Because of the way we defined $\eta$, we see that it annihilates $g_1^{(1,1,1,1)}$ because

\[ \eta(g_1^{(1,1,1,1)}) = \alpha - \alpha + \alpha - \alpha = 0. \]

Other terms of the polynomial $\eta \circ g^{P}$ are annihilated for similar reasons, with one interesting exception: the coefficient of ${{y}\choose {2}}$. The function $\eta$ annihilates neither $g_1^{(0,0,0,2)}$ nor $g_2^{(0,1,4,6)}$, but it does annihilate their product, and from this it follows that $\eta \circ g^{P} =0$. This is the point where the argument from Theorems 4.5, 5.3 and 6.3 breaks; we can no longer conclude that non-triviality of $\eta$ implies irrationality of a Taylor coefficient of $g$, which was a crucial step in obtaining contradictions in Theorems 4.5, 5.3 and 6.3.
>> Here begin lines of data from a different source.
theorem ICK_complete:
  assumes "\<forall>(X :: fm set set) le R A. general_frame X le R A \<and> (\<forall>\<gamma>\<in>\<Gamma>. valid_in X le R A \<gamma>)
    \<longrightarrow> valid_in X le R A \<phi>"
  shows "\<phi> \<in> ICK \<Gamma>"
proof -
  have "valid_in (canon_worlds \<Gamma>) (\<subseteq>) (canon_rel \<Gamma>) (canon_admissible \<Gamma>) \<phi>"
    using assms[rule_format, OF conjI[OF canon_general_frame]] canon_valid_in_ICK ICK.gamma
    by blast
  moreover have "\<forall>n. canon_tset \<Gamma> (Var n) \<in> canon_admissible \<Gamma>"
    unfolding canon_admissible_def by blast
  ultimately have
    "tset (canon_worlds \<Gamma>) (\<subseteq>) (canon_rel \<Gamma>) (\<lambda>n. canon_tset \<Gamma> (Var n)) \<phi> = canon_worlds \<Gamma>"
    by (rule valid_inD)
  moreover have "subst Var \<phi> = \<phi>"
    by (induction \<phi>) auto
  ultimately show ?thesis
    by (simp add: tset_canon canon_tset_eq_worlds_iff)
qed

theorem theorem4p25:
  fixes \<Gamma> :: "fm set" and \<phi> :: fm
  shows "(\<phi> \<in> ICK \<Gamma> \<longrightarrow>
           (\<forall>(X :: 'w set) le R A. general_frame X le R A \<and> (\<forall>\<gamma>\<in>\<Gamma>. valid_in X le R A \<gamma>)
              \<longrightarrow> valid_in X le R A \<phi>))
       \<and> ((\<forall>(X :: fm set set) le R A. general_frame X le R A \<and> (\<forall>\<gamma>\<in>\<Gamma>. valid_in X le R A \<gamma>)
              \<longrightarrow> valid_in X le R A \<phi>)
          \<longrightarrow> \<phi> \<in> ICK \<Gamma>)"
  using ICK_sound ICK_complete by blast

end
lemma orth_in_Lat:
  assumes S: "star_closed S" and N: "N \<in> Lat S"
  shows "orth N \<in> Lat S"
proof -
  have "T y \<in> orth N" if T: "T \<in> S" and y: "y \<in> orth N" for T y
  proof -
    obtain T' where T': "T' \<in> S" "\<And>x y. cinner (T x) y = cinner x (T' y)" using star_closedE[OF S T] by blast
    have "cinner (T y) n = 0" if "n \<in> N" for n
    proof -
      have "T' n \<in> N" using N T'(1) that by (simp add: Lat_iff)
      then have "cinner (T' n) y = 0" using y by (simp add: orth_def)
      then show ?thesis by (simp add: T'(2) cinner_eq_0_commute)
    qed
    then show ?thesis by (simp add: orth_def cinner_eq_0_commute)
  qed
  then show ?thesis using closed_csubspace_orth by (simp add: Lat_iff)
qed

lemma adjoint_in_commutant:
  assumes S: "star_closed S" and b: "b \<in> commutant S"
    and b': "bounded_clinear b'" "\<And>x y. cinner (b x) y = cinner x (b' y)"
  shows "b' \<in> commutant S"
proof -
  have "b' (T x) = T (b' x)" if T: "T \<in> S" for T x
  proof -
    obtain T' where T': "T' \<in> S" "\<And>x y. cinner (T x) y = cinner x (T' y)" using star_closedE[OF S T] by blast
    have T'_adj: "cinner u (T w) = cinner (T' u) w" for u w
      by (metis T'(2) cinner_conj_commute)
    have "b (T' z) = T' (b z)" for z using b T'(1) by (simp add: commutant_iff)
    then have "cinner z (b' (T x)) = cinner z (T (b' x))" for z
      by (simp add: b'(2)[symmetric] T'_adj)
    then show ?thesis by (rule cinner_ext)
  qed
  then show ?thesis using b'(1) by (simp add: commutant_iff)
qed
lemma Phi_c_UNIV_follow:
  assumes hc: "hyperconvex (UNIV :: 'b::metric_space set)" and "A \<noteq> {}"
    and g: "g \<in> nonexp_maps A (UNIV :: 'b set)"
    and f': "f' \<in> Phi_c UNIV A UNIV f"
    and fg: "\<And>a. a \<in> A \<Longrightarrow> dist (f a) (g a) \<le> \<delta>"
  shows "\<exists>g'\<in>Phi_c UNIV A UNIV g. \<forall>x. dist (f' x) (g' x) \<le> \<delta>"
proof (rule Phi_c_UNIV_near[OF hc \<open>A \<noteq> {}\<close> g])
  show "1-lipschitz_on UNIV f'" using f' unfolding Phi_c_def nonexp_maps_UNIV_iff by blast
  show "dist (f' a) (g a) \<le> \<delta>" if "a \<in> A" for a using f' fg that unfolding Phi_c_def by auto
  show "dist y (f' x) \<le> r + \<delta>" if "g ` A \<subseteq> cball y r" for x y r
  proof -
    have "f ` A \<subseteq> cball y (r + \<delta>)"
    proof
      fix z assume "z \<in> f ` A"
      then obtain a where "a \<in> A" "z = f a" by blast
      then show "z \<in> cball y (r + \<delta>)"
        using that fg[of a] dist_triangle[of y "f a" "g a"] by (force simp: dist_commute)
    qed
    moreover have "f' x \<in> admissible_hull UNIV (f ` A)" using f' unfolding Phi_c_def by blast
    ultimately show ?thesis unfolding mem_admissible_hull_UNIV by blast
  qed
qed

lemma dist_le_sup_dist:
  assumes "bounded (f ` A)" "bounded (g ` A)" "a \<in> A"
  shows "dist (f a) (g a) \<le> sup_dist A f g"
proof -
  obtain c r c' r' where "f ` A \<subseteq> cball c r" "g ` A \<subseteq> cball c' r'"
    using assms(1,2) bounded_subset_cball by metis
  then have "dist (f x) (g x) \<le> r + dist c c' + r'" if "x \<in> A" for x
    using that dist_triangle3[of "f x" "g x" c] dist_triangle[of c "g x" c']
    by (force simp: dist_commute)
  then have "bdd_above ((\<lambda>x. dist (f x) (g x)) ` A)" by (rule bdd_aboveI2)
  then show ?thesis unfolding sup_dist_def using assms(3) by (rule cSUP_upper2) simp
qed

lemma sup_dist_le:
  assumes "S \<noteq> {}" "\<And>x. x \<in> S \<Longrightarrow> dist (p x) (q x) \<le> d"
  shows "sup_dist S p q \<le> d"
  unfolding sup_dist_def using assms by (intro cSUP_least) auto

lemma haus_dist_le:
  assumes "\<And>p. p \<in> P \<Longrightarrow> \<exists>q\<in>Q. sup_dist S p q \<le> d"
    and "\<And>q. q \<in> Q \<Longrightarrow> \<exists>p\<in>P. sup_dist S p q \<le> d"
  shows "haus_dist S P Q \<le> ereal d"
  unfolding haus_dist_def
proof (intro max.boundedI SUP_least)
  fix p assume "p \<in> P"
  then obtain q where "q \<in> Q" "sup_dist S p q \<le> d" using assms(1) by blast
  then show "(INF q\<in>Q. ereal (sup_dist S p q)) \<le> ereal d" by (auto intro: INF_lower2)
next
  fix q assume "q \<in> Q"
  then obtain p where "p \<in> P" "sup_dist S p q \<le> d" using assms(2) by blast
  then show "(INF p\<in>P. ereal (sup_dist S p q)) \<le> ereal d" by (auto intro: INF_lower2)
qed

theorem lemma5p11:
  fixes A :: "'a::metric_space set"
  assumes "A \<noteq> {}"
    and "hyperconvex (UNIV :: 'b::metric_space set)"
  shows "\<forall>f\<in>nonexp_maps A (UNIV :: 'b set). \<forall>g\<in>nonexp_maps A (UNIV :: 'b set).
           Phi_c UNIV A UNIV f \<noteq> {} \<and>
           haus_dist UNIV (Phi_c UNIV A UNIV f) (Phi_c UNIV A UNIV g) \<le> ereal (sup_dist A f g)"
proof (intro ballI conjI)
  fix f g :: "'a \<Rightarrow> 'b" assume f: "f \<in> nonexp_maps A UNIV" and g: "g \<in> nonexp_maps A UNIV"
  show "Phi_c UNIV A UNIV f \<noteq> {}" using Phi_c_UNIV_nonempty[OF assms(2,1) f] .
  have fg: "dist (f a) (g a) \<le> sup_dist A f g" and gf: "dist (g a) (f a) \<le> sup_dist A f g"
    if "a \<in> A" for a
    using f g dist_le_sup_dist[OF _ _ that] by (auto simp: nonexp_maps_UNIV_iff dist_commute)
  show "haus_dist UNIV (Phi_c UNIV A UNIV f) (Phi_c UNIV A UNIV g) \<le> ereal (sup_dist A f g)"
  proof (rule haus_dist_le)
    fix f' assume "f' \<in> Phi_c UNIV A UNIV f"
    with Phi_c_UNIV_follow[OF assms(2,1) g this fg]
    show "\<exists>g'\<in>Phi_c UNIV A UNIV g. sup_dist UNIV f' g' \<le> sup_dist A f g"
      by (auto intro: sup_dist_le)
  next
    fix g' assume "g' \<in> Phi_c UNIV A UNIV g"
    with Phi_c_UNIV_follow[OF assms(2,1) f this gf]
    show "\<exists>f'\<in>Phi_c UNIV A UNIV f. sup_dist UNIV f' g' \<le> sup_dist A f g"
      by (auto intro: sup_dist_le simp: dist_commute)
  qed
qed

end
This example illustrates that irrationality of $g$ is in general not sufficient to guarantee equidistribution of $g^{P}$ on $G^{P}/\varGamma ^{P}$. The main obstruction in our example is that the sequence $g$ is irrational but not jointly irrational; that is, there exist a 1-horizontal character $\eta _1$ and a 2-horizontal character $\eta _2$ satisfying $|\eta _1|, |\eta _2|\ll 1$ such that $\eta _1(g_1) + \eta _2(g_2)\in \mathbb {Z}$ but $\eta _1(g_1), \eta _2(g_2)\notin \mathbb {Z}$. This type of obstruction does not appear if one works with linear forms since each power of a linear form is a homogeneous polynomial of different degree. In the case of general polynomial maps, however, one may get the same monomial coming from different powers of the same polynomial, like ${{y}\choose {2}}$ in Lemma 11.3. Therefore, some sort of ‘joint irrationality’ is necessary.
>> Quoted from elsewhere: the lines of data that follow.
lemma card_all_tiles_filter: "card {t \<in> all_tiles. P t} = length (filter P tile_list)"
  by (metis distinct_card distinct_filter distinct_tile_list set_filter set_tile_list)

lemma sum_all_tiles_filter:
  "(\<Sum>t \<in> {t \<in> all_tiles. P t}. f t) = (\<Sum>t \<leftarrow> filter P tile_list. f t)"
  by (metis distinct_filter distinct_tile_list set_filter set_tile_list
      sum_list_distinct_conv_sum_set)

definition tiles_avoiding :: "nat set \<Rightarrow> tile set" where
  "tiles_avoiding X = {t \<in> all_tiles. \<forall>x \<in> X. \<not> matches t x}"

lemma finite_tiles_avoiding: "finite (tiles_avoiding X)"
  unfolding tiles_avoiding_def using finite_all_tiles by simp

lemma one_to_six_cases: "(k::nat) \<in> {1..6} \<Longrightarrow> k = 1 \<or> k = 2 \<or> k = 3 \<or> k = 4 \<or> k = 5 \<or> k = 6"
  by auto

lemma card_tiles_avoiding_0_k: "k \<in> {1..6} \<Longrightarrow> card (tiles_avoiding {0, k}) = 15"
  unfolding tiles_avoiding_def card_all_tiles_filter
  by (drule one_to_six_cases, elim disjE; simp add: tile_list_def matches_def)

lemma card_tiles_avoiding_0_k_l:
  "k \<in> {1..6} \<Longrightarrow> l \<in> {1..6} \<Longrightarrow> l \<noteq> k \<Longrightarrow> card (tiles_avoiding {0, k, l}) = 10"
  unfolding tiles_avoiding_def card_all_tiles_filter
  by (drule one_to_six_cases, drule one_to_six_cases, elim disjE; simp add: tile_list_def matches_def)

lemma almost_all_avoiding_tiles_match:
  assumes k: "k \<in> {1..6}" and e: "e \<le> 6" "e \<notin> {0, k}"
    and U: "U \<subseteq> tiles_avoiding {0, k}" "card U = 14"
  shows "\<exists>t \<in> U. matches t e"
proof (rule ccontr)
  assume "\<not> ?thesis"
  then have "U \<subseteq> tiles_avoiding {0, k, e}"
    using U(1) by (auto simp: tiles_avoiding_def)
  then have "card U \<le> card (tiles_avoiding {0, k, e})"
    by (intro card_mono finite_tiles_avoiding)
  also have "\<dots> = 10"
    using k e by (intro card_tiles_avoiding_0_k_l) auto
  finally show False
    using U(2) by simp
qed

lemma card_inter_tiles_avoiding_le_1:
  assumes "k \<in> {1..6}" and "U \<subseteq> tiles_avoiding {0, k}" "card U = 14" and "A \<inter> U = {}"
  shows "card (A \<inter> tiles_avoiding {0, k}) \<le> 1"
proof -
  have "card (A \<inter> tiles_avoiding {0, k}) \<le> card (tiles_avoiding {0, k} - U)"
    using assms(4) by (intro card_mono) (auto simp: finite_tiles_avoiding)
  also have "\<dots> = 1"
    using assms(1-3) finite_subset[OF assms(2) finite_tiles_avoiding]
    by (simp add: card_Diff_subset card_tiles_avoiding_0_k)
  finally show ?thesis .
qed

definition tile_count :: "nat \<Rightarrow> tile \<Rightarrow> nat" where
  "tile_count v t = of_bool (fst t = v) + of_bool (snd t = v)"

definition occurrences :: "nat \<Rightarrow> tile set \<Rightarrow> nat" where
  "occurrences v A = (\<Sum>t \<in> A. tile_count v t)"

lemma weighted_of_bool_sum: "a \<le> 6 \<Longrightarrow> (\<Sum>v \<in> {1..6}. v * of_bool (a = v)) = (a::nat)"
proof -
  assume "a \<le> 6"
  have "(\<Sum>v \<in> {1..6}. v * of_bool (a = v)) = (\<Sum>v \<in> {1..6::nat}. if v = a then v else 0)"
    by (intro sum.cong) auto
  also have "\<dots> = a"
    using \<open>a \<le> 6\<close> by simp
  finally show ?thesis .
qed

lemma weighted_tile_count_eq_pips:
  assumes "t \<in> all_tiles"
  shows "(\<Sum>v \<in> {1..6}. v * tile_count v t) = pips t"
proof -
  have "fst t \<le> 6" "snd t \<le> 6"
    using assms by (auto simp: all_tiles_def)
  then show ?thesis
    by (simp only: tile_count_def pips_def distrib_left sum.distrib weighted_of_bool_sum)
qed

lemma sum_pips_eq_weighted_occurrences:
  assumes "A \<subseteq> all_tiles"
  shows "sum pips A = (\<Sum>v \<in> {1..6}. v * occurrences v A)"
proof -
  have "sum pips A = (\<Sum>t \<in> A. \<Sum>v \<in> {1..6}. v * tile_count v t)"
    using assms by (intro sum.cong refl) (metis subsetD weighted_tile_count_eq_pips)
  also have "\<dots> = (\<Sum>v \<in> {1..6}. v * occurrences v A)"
    by (subst sum.swap) (simp add: occurrences_def sum_distrib_left)
  finally show ?thesis .
qed

lemma occurrences_mono: "finite B \<Longrightarrow> A \<subseteq> B \<Longrightarrow> occurrences v A \<le> occurrences v B"
  unfolding occurrences_def by (rule sum_mono2) auto

lemma card_matching_le_occurrences:
  assumes "finite A"
  shows "card {t \<in> A. matches t v} \<le> occurrences v A"
proof -
  have "card {t \<in> A. matches t v} = (\<Sum>t \<in> {t \<in> A. matches t v}. 1)"
    by simp
  also have "\<dots> \<le> (\<Sum>t \<in> {t \<in> A. matches t v}. tile_count v t)"
    by (rule sum_mono) (auto simp: tile_count_def matches_def)
  also have "\<dots> \<le> occurrences v A"
    unfolding occurrences_def using assms by (intro sum_mono2) auto
  finally show ?thesis .
qed

lemma sum_tile_count_le_2: "finite V \<Longrightarrow> (\<Sum>v \<in> V. tile_count v t) \<le> 2"
proof -
  assume "finite V"
  have at_most_one: "card (V \<inter> {a}) \<le> 1" for a :: nat
    using card_mono[of "{a}" "V \<inter> {a}"] by auto
  have "card (V \<inter> {fst t}) + card (V \<inter> {snd t}) \<le> 1 + 1"
    by (rule add_mono[OF at_most_one at_most_one])
  then show ?thesis
    using \<open>finite V\<close> by (simp add: tile_count_def sum.distrib)
qed

lemma all_two_if_weighted_sum_42:
  fixes f :: "nat \<Rightarrow> nat"
  assumes "\<forall>v \<in> {1..6}. 2 \<le> f v" and "(\<Sum>v \<in> {1..6}. v * f v) = 42" and "v \<in> {1..6}"
  shows "f v = 2"
proof (rule ccontr)
  assume "f v \<noteq> 2"
  then have "2 < f v"
    using assms(1,3) by force
  then have "v * 2 < v * f v"
    using assms(3) by simp
  then have "(\<Sum>v \<in> {1..6::nat}. v * 2) < (\<Sum>v \<in> {1..6}. v * f v)"
    using assms(1) by (intro sum_strict_mono_ex1 bexI[OF _ assms(3)]) auto
  moreover have "(\<Sum>v \<in> {1..6::nat}. v * 2) = 42"
    by (simp add: atLeastAtMostSuc_conv numeral_eq_Suc)
  ultimately show False
    using assms(2) by simp
qed

lemma nonzero_count_of_zero_tiles:
  "(\<Sum>t \<in> {t \<in> all_tiles. matches t 0}. \<Sum>v \<in> {1..6}. tile_count v t) = 6"
proof -
  have "{1..6::nat} = {1, 2, 3, 4, 5, 6}"
    by auto
  then show ?thesis
    unfolding sum_all_tiles_filter by (simp add: tile_list_def matches_def tile_count_def)
qed

locale blocked_board =
  fixes k l r :: nat and board :: "tile set"
  assumes k_range: "k \<in> {1..6}"
    and board_tiles: "board \<subseteq> all_tiles"
    and ends: "l \<in> {0, k}" "r \<in> {0, k}"
    and end_tiles_on_board: "\<And>t. t \<in> all_tiles \<Longrightarrow> matches t l \<or> matches t r \<Longrightarrow> t \<in> board"
    and parity: "\<And>v. even (occurrences v board + of_bool (l = v) + of_bool (r = v))"
    and few_avoiding: "card (board \<inter> tiles_avoiding {0, k}) \<le> 1"
begin

lemma finite_board: "finite board"
  using board_tiles finite_all_tiles by (rule finite_subset)

lemma occurrences_ge_2:
  assumes v: "v \<in> {1..6}"
  shows "2 \<le> occurrences v board"
proof (cases "v = k \<and> k \<in> {l, r}")
  case True
  then have "(k, k) \<in> board"
    using k_range by (intro end_tiles_on_board tile_in_all_tiles) (auto simp: matches_def)
  then have "occurrences k {(k, k)} \<le> occurrences k board"
    by (intro occurrences_mono finite_board) auto
  then show ?thesis
    using True by (simp add: occurrences_def tile_count_def)
next
  case False
  then have "v \<notin> {l, r}"
    using ends v by auto
  then have "even (occurrences v board)"
    using parity[of v] by auto
  moreover have "(min l v, max l v) \<in> board"
    using ends k_range v by (intro end_tiles_on_board tile_in_all_tiles) (auto simp: matches_def)
  then have "occurrences v {(min l v, max l v)} \<le> occurrences v board"
    by (intro occurrences_mono finite_board) auto
  then have "1 \<le> occurrences v board"
    by (simp add: occurrences_def tile_count_def min_def max_def split: if_splits)
  ultimately show ?thesis
    by presburger
qed

lemma occurrences_k_ge_3_if_k_end:
  assumes "k \<in> {l, r}"
  shows "3 \<le> occurrences k board"
proof -
  have "(0, k) \<in> board" "(k, k) \<in> board"
    using assms k_range by (auto intro!: end_tiles_on_board tile_in_all_tiles simp: matches_def)
  then have "occurrences k {(0, k), (k, k)} \<le> occurrences k board"
    by (intro occurrences_mono finite_board) auto
  then show ?thesis
    using k_range by (simp add: occurrences_def tile_count_def)
qed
12. True complexity of $x, x+y, \ldots , x+(m-1)y, x+y^{d}$

The reasoning presented in § 11 shows that the arguments used to tackle $x, x+y, x+y^{2}, x+y+y^{2}$ or $x, x+y, x+2y, x+y^{3}, x+2y^{3}$ cannot be used for $x, x+y, x+2y, x+y^{2}$. However, we can circumvent the difficulties and determine true complexity for this and related configurations via a different method. This method comes down to making the progression more homogeneous by replacing it with a longer progressions involving higher number of variables using several applications of the Cauchy–Schwarz inequality.
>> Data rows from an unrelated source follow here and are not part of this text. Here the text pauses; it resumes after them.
lemma Psi_inv_minus: "Psi_inv k (- y) = - Psi_inv k y"
proof -
  have "(- y) ^ (2 * k + 1) = - (y ^ (2 * k + 1))" by (rule power_minus_odd) simp
  then show ?thesis by (simp add: Psi_inv_def)
qed

lemma Psi_inv_strict_antimono: "(y::real) < z \<Longrightarrow> Psi_inv k z < Psi_inv k y"
  unfolding Psi_inv_def using odd_power_strict_mono[of "2 * k + 1" y z] by simp

lemma inj_Psi_inv: "inj (Psi_inv k :: real \<Rightarrow> real)"
  by (rule injI) (metis Psi_inv_strict_antimono less_irrefl linorder_neqE_linordered_idom)

lemma continuous_Psi_inv: "isCont (Psi_inv k :: real \<Rightarrow> real) y"
  unfolding Psi_inv_def by (intro continuous_intros)

lemma surj_Psi_inv: "surj (Psi_inv k :: real \<Rightarrow> real)"
  unfolding surj_def
proof
  fix x :: real
  define M where "M = \<bar>x\<bar> + 1"
  have "0 \<le> M ^ (2 * k + 1)" by (simp add: M_def)
  then have "Psi_inv k M \<le> x" "x \<le> Psi_inv k (- M)"
    unfolding Psi_inv_minus unfolding Psi_inv_def M_def by linarith+
  then show "\<exists>y. x = Psi_inv k y"
    using IVT2[of "Psi_inv k" M x "- M"] continuous_Psi_inv by (force simp: M_def)
qed

definition Psi_implicit :: "nat \<Rightarrow> real \<Rightarrow> real" where
  "Psi_implicit k = inv (Psi_inv k)"

lemma Psi_inv_Psi_implicit [simp]: "Psi_inv k (Psi_implicit k x) = x"
  unfolding Psi_implicit_def by (rule surj_f_inv_f[OF surj_Psi_inv])

lemma Psi_implicit_Psi_inv [simp]: "Psi_implicit k (Psi_inv k y) = y"
  unfolding Psi_implicit_def by (rule inv_f_f[OF inj_Psi_inv])

lemma Psi_implicit_eqI: "Psi_inv k y = x \<Longrightarrow> Psi_implicit k x = y"
  by auto

lemma Psi_implicit_strict_antimono: "x < y \<Longrightarrow> Psi_implicit k y < Psi_implicit k x"
  by (metis Psi_inv_Psi_implicit Psi_inv_strict_antimono not_less_iff_gr_or_eq order.asym)

lemma Psi_implicit_minus: "Psi_implicit k (- x) = - Psi_implicit k x"
  by (rule Psi_implicit_eqI) (simp add: Psi_inv_minus)

lemma Psi_implicit_0 [simp]: "Psi_implicit k 0 = 0"
  by (rule Psi_implicit_eqI) (simp add: Psi_inv_def)

lemma Psi_implicit_nonneg: "x \<le> 0 \<Longrightarrow> 0 \<le> Psi_implicit k x"
  using Psi_implicit_strict_antimono[of x 0 k] by (cases "x = 0") auto

lemma abs_eq_abs_Psi_implicit: "\<bar>x\<bar> = \<bar>Psi_implicit k x\<bar> + \<bar>Psi_implicit k x\<bar> ^ (2 * k + 1)"
proof -
  define p where "p = Psi_implicit k x"
  have "x = - (p + p ^ (2 * k + 1))"
    using Psi_inv_Psi_implicit[of k x] by (simp add: Psi_inv_def p_def)
  moreover have "p ^ (2 * k + 1) \<ge> 0 \<longleftrightarrow> p \<ge> 0" by (rule zero_le_odd_power) simp
  ultimately have "\<bar>x\<bar> = \<bar>p\<bar> + \<bar>p ^ (2 * k + 1)\<bar>" by linarith
  then show ?thesis by (simp only: p_def power_abs)
qed

lemma abs_Psi_implicit_le: "\<bar>Psi_implicit k x\<bar> \<le> \<bar>x\<bar>"
  using abs_eq_abs_Psi_implicit[of x k] by (simp add: add_increasing2)

lemma abs_Psi_implicit_power_le: "\<bar>Psi_implicit k x\<bar> ^ (2 * k + 1) \<le> \<bar>x\<bar>"
  using abs_eq_abs_Psi_implicit[of x k] by simp

lemma isCont_Psi_implicit: "isCont (Psi_implicit k) x"
proof -
  have "isCont (Psi_implicit k) (Psi_inv k (Psi_implicit k x))"
    by (rule isCont_inverse_function[where d=1]) (auto simp: continuous_Psi_inv)
  then show ?thesis by simp
qed

lemma DERIV_Psi_inv: "(Psi_inv k has_field_derivative (- 1 - of_nat (2 * k + 1) * y ^ (2 * k))) (at y)"
  unfolding Psi_inv_def by (rule derivative_eq_intros refl | simp)+

lemma DERIV_Psi_implicit:
  "(Psi_implicit k has_real_derivative inverse (- 1 - real (2 * k + 1) * Psi_implicit k x ^ (2 * k))) (at x)"
proof (rule DERIV_inverse_function[where f="Psi_inv k" and a="x - 1" and b="x + 1"])
  have "0 \<le> real (2 * k + 1) * Psi_implicit k x ^ (2 * k)" by simp
  then show "- 1 - real (2 * k + 1) * Psi_implicit k x ^ (2 * k) \<noteq> 0" by linarith
  show "(Psi_inv k has_real_derivative - 1 - real (2 * k + 1) * Psi_implicit k x ^ (2 * k))
    (at (Psi_implicit k x))" by (rule DERIV_Psi_inv)
qed (auto simp: isCont_Psi_implicit)

lemma Psi_implicit_ode:
  assumes "k > 0"
  shows "\<exists>d. (Psi_implicit k has_real_derivative d) (at x) \<and>
    -(1 / (2 * real k)) * Psi_implicit k x + ((2 * real k + 1) / (2 * real k)) * x * d + Psi_implicit k x * d = 0"
proof -
  define p where "p = Psi_implicit k x"
  define D where "D = - 1 - real (2 * k + 1) * p ^ (2 * k)"
  have "0 \<le> real (2 * k + 1) * p ^ (2 * k)" by simp
  then have "D \<noteq> 0" unfolding D_def by linarith
  have x: "x = - p - p * p ^ (2 * k)"
    using Psi_inv_Psi_implicit[of k x] by (simp add: Psi_inv_def p_def)
  have "-(1 / (2 * real k)) * p + ((2 * real k + 1) / (2 * real k)) * x * inverse D + p * inverse D
      = (- p * D + (2 * real k + 1) * x + 2 * real k * p) / (2 * real k * D)"
    using \<open>D \<noteq> 0\<close> assms by (simp add: field_simps)
  also have "- p * D + (2 * real k + 1) * x + 2 * real k * p = 0"
    unfolding x D_def by (simp add: algebra_simps)
  finally have "-(1 / (2 * real k)) * p + ((2 * real k + 1) / (2 * real k)) * x * inverse D
      + p * inverse D = 0" by simp
  moreover have "(Psi_implicit k has_real_derivative inverse D) (at x)"
    unfolding D_def p_def by (rule DERIV_Psi_implicit)
  ultimately show ?thesis unfolding p_def by blast
qed

lemma abs_power_diff_le:
  fixes x y M :: real
  assumes "\<bar>x\<bar> \<le> M" "\<bar>y\<bar> \<le> M"
  shows "\<bar>x ^ n - y ^ n\<bar> \<le> n * M ^ (n - 1) * \<bar>x - y\<bar>"
proof -
  have "\<bar>\<Sum>i<n. y ^ (n - Suc i) * x ^ i\<bar> \<le> (\<Sum>i<n. M ^ (n - Suc i) * M ^ i)"
    using assms by (intro sum_abs[THEN order_trans] sum_mono)
      (auto simp: abs_mult power_abs intro!: mult_mono power_mono)
  also have "\<dots> = n * M ^ (n - 1)"
    by (simp add: power_add[symmetric])
  finally show ?thesis
    by (simp add: power_diff_sumr2 abs_mult mult.commute mult_left_mono)
qed

lemma abs_Psi_impliciticit_expansion_le:
  "\<bar>Psi_implicit k x - (- x + x ^ (2 * k + 1))\<bar> \<le> real (2 * k + 1) * \<bar>x\<bar> ^ (4 * k + 1)"
proof -
  define p where "p = Psi_implicit k x"
  have x: "x = - p - p ^ (2 * k + 1)"
    using Psi_inv_Psi_implicit[of k x] by (simp add: Psi_inv_def p_def)
  have "(- p) ^ (2 * k + 1) = - (p ^ (2 * k + 1))" by (rule power_minus_odd) simp
  then have "\<bar>p - (- x + x ^ (2 * k + 1))\<bar> = \<bar>(- p) ^ (2 * k + 1) - x ^ (2 * k + 1)\<bar>"
    using x by simp
  also have "\<dots> \<le> real (2 * k + 1) * \<bar>x\<bar> ^ (2 * k) * \<bar>- p - x\<bar>"
    using abs_power_diff_le[of "- p" "\<bar>x\<bar>" x "2 * k + 1"] abs_Psi_implicit_le[of k x]
    by (simp add: p_def)
  also have "\<bar>- p - x\<bar> = \<bar>p\<bar> ^ (2 * k + 1)"
    using x by (simp add: abs_mult power_abs)
  also have "\<dots> \<le> \<bar>x\<bar> ^ (2 * k + 1)"
    using abs_Psi_implicit_le[of k x] by (intro power_mono) (auto simp: p_def)
  also have "real (2 * k + 1) * \<bar>x\<bar> ^ (2 * k) * \<bar>x\<bar> ^ (2 * k + 1)
      = real (2 * k + 1) * \<bar>x\<bar> ^ (4 * k + 1)"
    by (simp add: mult.assoc flip: power_add)
  finally show ?thesis
    by (simp add: p_def mult_left_mono)
qed

lemma Psi_implicit_bigo:
  "(\<lambda>x. Psi_implicit k x - (- x + x ^ (2 * k + 1))) \<in> O[at 0](\<lambda>x. x ^ (4 * k + 1))"
  using abs_Psi_impliciticit_expansion_le[of k]
  by (intro bigoI[where c="real (2 * k + 1)"] always_eventually allI) (simp only: real_norm_def power_abs)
In this section, we prove Conjecture 1.12 for

\[ x, x+y, \ldots, x+(m-1)y, x+y^{d} \]

whenever $2\leqslant d\leqslant m-1$, the case $d\geqslant m$ being handled quantitatively in [Reference Kuca25]. We start by proving true complexity for the non-linear term at index $m$.

Proposition 12.1 Let $m, d\in \mathbb {N}_+$ satisfy $m\geqslant 3$ and $d\geqslant 2$. Given $\epsilon >0$, there exists $\delta >0$ and $p_0\in \mathbb {N}$ s.t. for all $p>p_0$, we have

\[ |\mathbb{E}_{x,y\in\mathbb{F}_p}f_0(x)f_1(x+y)\cdots f_{m-1}(x+(m-1)y)f_m(x+y^{d})|\ll \epsilon \]

uniformly for all 1-bounded functions $f_0, \ldots , f_m:\mathbb {F}_p\to \mathbb {C}$ satisfying $\|f_m\|_{U^{\left \lceil {m}/{d}\right \rceil }}\leqslant \delta$.

We note that one cannot get a control by a lower-degree Gowers norm here; this follows from

\[ \left\lfloor\frac{m-1}{d}\right\rfloor = \left\lceil\frac{m}{d}\right\rceil - 1 \]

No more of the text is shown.